‘Their values are cash and not Christ’: Rev. Barber rains holy hell on right-wing Values Voters Summit
MSNBC host Joy Reid interviewing Rev. William Barber II

Bishop Dr. William Barber II is demanding a "values revolution" to counter Values Voters Summit's celebration of President Donald Trump and Alabama Republican Senate nominee Roy Moore.


"I just can't call it Christian right, it's so wrong, it's not Christian. Gun-waving politicians that support segregation is not Christian, it's crazy," explained Rev. Barber on MSNBC's "AM Joy" Saturday.

"It’s time really for there to be a major challenge to this kind of public heresy that we see going on that is so counter the real values of Christianity," Rev. Barber concluded.

"We're looking at pictures of him waving his tiny pistol around at this Values Voters Summit," MSNBC anchor Joy Reid replied to Rev. Barber. "The stuff they're distributing there, it feels so counter to the core message of Christian love in the Bible. It's hard for me to believe they read that Bible and get that out of it."

"Actually, from Jeremiah 22 to Jesus and Matthew 25, Christian values for nations and political leaders has to do with love and justice, equality, stopping exploitation of the vulnerable, caring for the poor, caring for children, welcoming immigrants, helping the sick and loving all," Rev. Barber preached. "And by these standards, the so-called Values Summit is not about Judeo-Christian values, it's not about Christianity, but the values of a heretical rhetorical extremism funded by a whole lot of money, perpetrating a fraud on the American people."

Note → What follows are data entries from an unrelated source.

lemma nn_integral_powr_le:
  fixes Y :: "'a \<Rightarrow> real"
  assumes Y: "Y \<in> borel_measurable M" and "b > 0" "-1 < p" "p < 0"
    and small: "\<And>t. 0 \<le> t \<Longrightarrow> prob {\<omega> \<in> space M. Y \<omega> \<le> t} \<le> t / b"
  shows "(\<integral>\<^sup>+\<omega>. ennreal (Y \<omega> powr p) \<partial>M) \<le> ennreal (b powr p / (p + 1))"
proof -
  let ?c = "b powr p" and ?g = "\<lambda>s. s powr (1 / p) / b"
  have tail: "(?g has_integral b powr p / (p + 1) - ?c) {?c..}"
    using has_integral_uniform_powr_tail_neg[OF \<open>b > 0\<close> \<open>-1 < p\<close> \<open>p < 0\<close>] .
  then have tail_nn: "(\<integral>\<^sup>+s. ennreal (indicator {?c..} s * ?g s) \<partial>lborel) = ennreal (b powr p / (p + 1) - ?c)"
    by (rule nn_integral_has_integral_lebesgue[rotated]) (use \<open>b > 0\<close> in simp)
  have "(\<integral>\<^sup>+\<omega>. ennreal (Y \<omega> powr p) \<partial>M) =
      (\<integral>\<^sup>+s. indicator {0..} s * emeasure M {\<omega> \<in> space M. s < Y \<omega> powr p} \<partial>lborel)"
    using Y by (intro nn_integral_layer_cake) auto
  also have "\<dots> \<le> (\<integral>\<^sup>+s. indicator {0..?c} s + ennreal (indicator {?c..} s * ?g s) \<partial>lborel)"
  proof (intro nn_integral_mono)
    fix s :: real
    consider "s < 0" | "0 \<le> s" "s \<le> ?c" | "?c < s" by fastforce
    then show "indicator {0..} s * emeasure M {\<omega> \<in> space M. s < Y \<omega> powr p}
        \<le> indicator {0..?c} s + ennreal (indicator {?c..} s * ?g s)"
    proof cases
      case 2
      then show ?thesis by (simp add: add_increasing2 emeasure_eq_measure)
    next
      case 3
      moreover have "0 < s" using 3 \<open>b > 0\<close> powr_gt_zero[of b p] by linarith
      ultimately show ?thesis
        using prob_powr_gt_le[OF Y \<open>b > 0\<close> \<open>p < 0\<close> _ small, of s]
        by (simp add: emeasure_eq_measure ennreal_leI)
    qed simp
  qed
  also have "\<dots> = ennreal ?c + ennreal (b powr p / (p + 1) - ?c)"
    by (subst nn_integral_add) (auto simp: tail_nn[simplified])
  also have "\<dots> = ennreal (b powr p / (p + 1))"
    using has_integral_nonneg[OF tail] \<open>b > 0\<close> by (subst ennreal_plus[symmetric]) auto
  finally show ?thesis .
qed

lemma nn_integral_powr_le_1:
  fixes Y :: "'a \<Rightarrow> real"
  assumes "\<And>\<omega>. \<omega> \<in> space M \<Longrightarrow> \<bar>Y \<omega>\<bar> \<le> 1" and "0 \<le> p"
  shows "(\<integral>\<^sup>+\<omega>. ennreal (Y \<omega> powr p) \<partial>M) \<le> 1"
proof -
  have "(\<integral>\<^sup>+\<omega>. ennreal (Y \<omega> powr p) \<partial>M) \<le> (\<integral>\<^sup>+\<omega>. 1 \<partial>M)"
    using assms by (intro nn_integral_mono) (simp add: powr_le1)
  then show ?thesis by (simp add: emeasure_space_1)
qed

lemma one_le_nn_integral_powr:
  fixes Y :: "'a \<Rightarrow> real"
  assumes "AE \<omega> in M. 0 < Y \<omega>" and "\<And>\<omega>. \<omega> \<in> space M \<Longrightarrow> Y \<omega> \<le> 1" and "p \<le> 0"
  shows "1 \<le> (\<integral>\<^sup>+\<omega>. ennreal (Y \<omega> powr p) \<partial>M)"
proof -
  have "AE \<omega> in M. 1 \<le> ennreal (Y \<omega> powr p)"
    using AE_space assms(1)
  proof eventually_elim
    case (elim \<omega>)
    then show ?case using powr_mono2'[OF \<open>p \<le> 0\<close>, of "Y \<omega>" 1] assms(2) by (simp add: ennreal_leI)
  qed
  then have "(\<integral>\<^sup>+\<omega>. 1 \<partial>M) \<le> (\<integral>\<^sup>+\<omega>. ennreal (Y \<omega> powr p) \<partial>M)"
    by (rule nn_integral_mono_AE)
  then show ?thesis by (simp add: emeasure_space_1)
qed

end

theorem proposition3p2:
  fixes M :: "'a measure" and X :: "'a \<Rightarrow> real" and p :: real
  assumes "prob_space M"
    and "X \<in> borel_measurable M"
    and "p > -1" and "p \<noteq> 0"
  shows "(p > 0 \<longrightarrow>
            ennreal (1 / (2 powr p * (p + 1))) \<le> (\<integral>\<^sup>+ \<omega>. ennreal (qfun M X (X \<omega>) powr p) \<partial>M)
          \<and> (\<integral>\<^sup>+ \<omega>. ennreal (qfun M X (X \<omega>) powr p) \<partial>M) \<le> 1)
       \<and> (p < 0 \<longrightarrow>
            1 \<le> (\<integral>\<^sup>+ \<omega>. ennreal (qfun M X (X \<omega>) powr p) \<partial>M)
          \<and> (\<integral>\<^sup>+ \<omega>. ennreal (qfun M X (X \<omega>) powr p) \<partial>M) \<le> ennreal (1 / (2 powr p * (p + 1))))"
proof -
  interpret prob_space M by fact
  note X = \<open>X \<in> borel_measurable M\<close>
  have Q: "(\<lambda>\<omega>. qfun M X (X \<omega>)) \<in> borel_measurable M"
    using borel_measurable_qfun[OF X] X by measurable
  have small: "prob {\<omega> \<in> space M. qfun M X (X \<omega>) \<le> t} \<le> t / (1 / 2)" if "0 \<le> t" for t
    using prob_qfun_comp_le[OF X that] by simp
  have "prob {\<omega> \<in> space M. qfun M X (X \<omega>) \<le> 0} = 0"
    using small[of 0] measure_nonneg[of M] by (simp add: order_antisym)
  then have pos: "AE \<omega> in M. 0 < qfun M X (X \<omega>)"
    using Q by (subst (asm) prob_Collect_eq_0) auto
  have half: "(1 / 2) powr p / (p + 1) = 1 / (2 powr p * (p + 1))"
    by (simp add: powr_divide)
  have "\<bar>qfun M X x\<bar> \<le> 1" for x
    using qfun_nonneg[of X x] qfun_le_1[of X x] by simp
  then show ?thesis
    using nn_integral_powr_ge[OF Q _ _ small, where p = p, unfolded half]
      nn_integral_powr_le[OF Q _ \<open>p > -1\<close> _ small, unfolded half]
      nn_integral_powr_le_1[of "\<lambda>\<omega>. qfun M X (X \<omega>)" p] one_le_nn_integral_powr[OF pos qfun_le_1, of p]
    by auto
qed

"Their values are cash and not Christ, greed and not grace," Rev. Barber concluded. "What the president did was irreligious, it is an anathema to Christian values. He boasted about taking health care, that's not Christian."

"He promoted arrogance, he promoted warmongering -- these are not Christian values -- and it's high time that we call it out," Rev. Barber demanded. "These are not Christian values but the values of an extreme corporate oligarchy trying to use the values and claim the faith as a way to gain power."

"You cannot have a government that creates problems, that has hundreds of years of legalized slavery and segregation that writes policies that lift up the greedy and forgive corporate crooks and then treat people like things and corporations like people and then say there's no responsibility," Rev. Barber explained. "This is a con, it's been going on a long time ... it's as old as the slave master who had people who endorsed slavery and found theological ways to do that."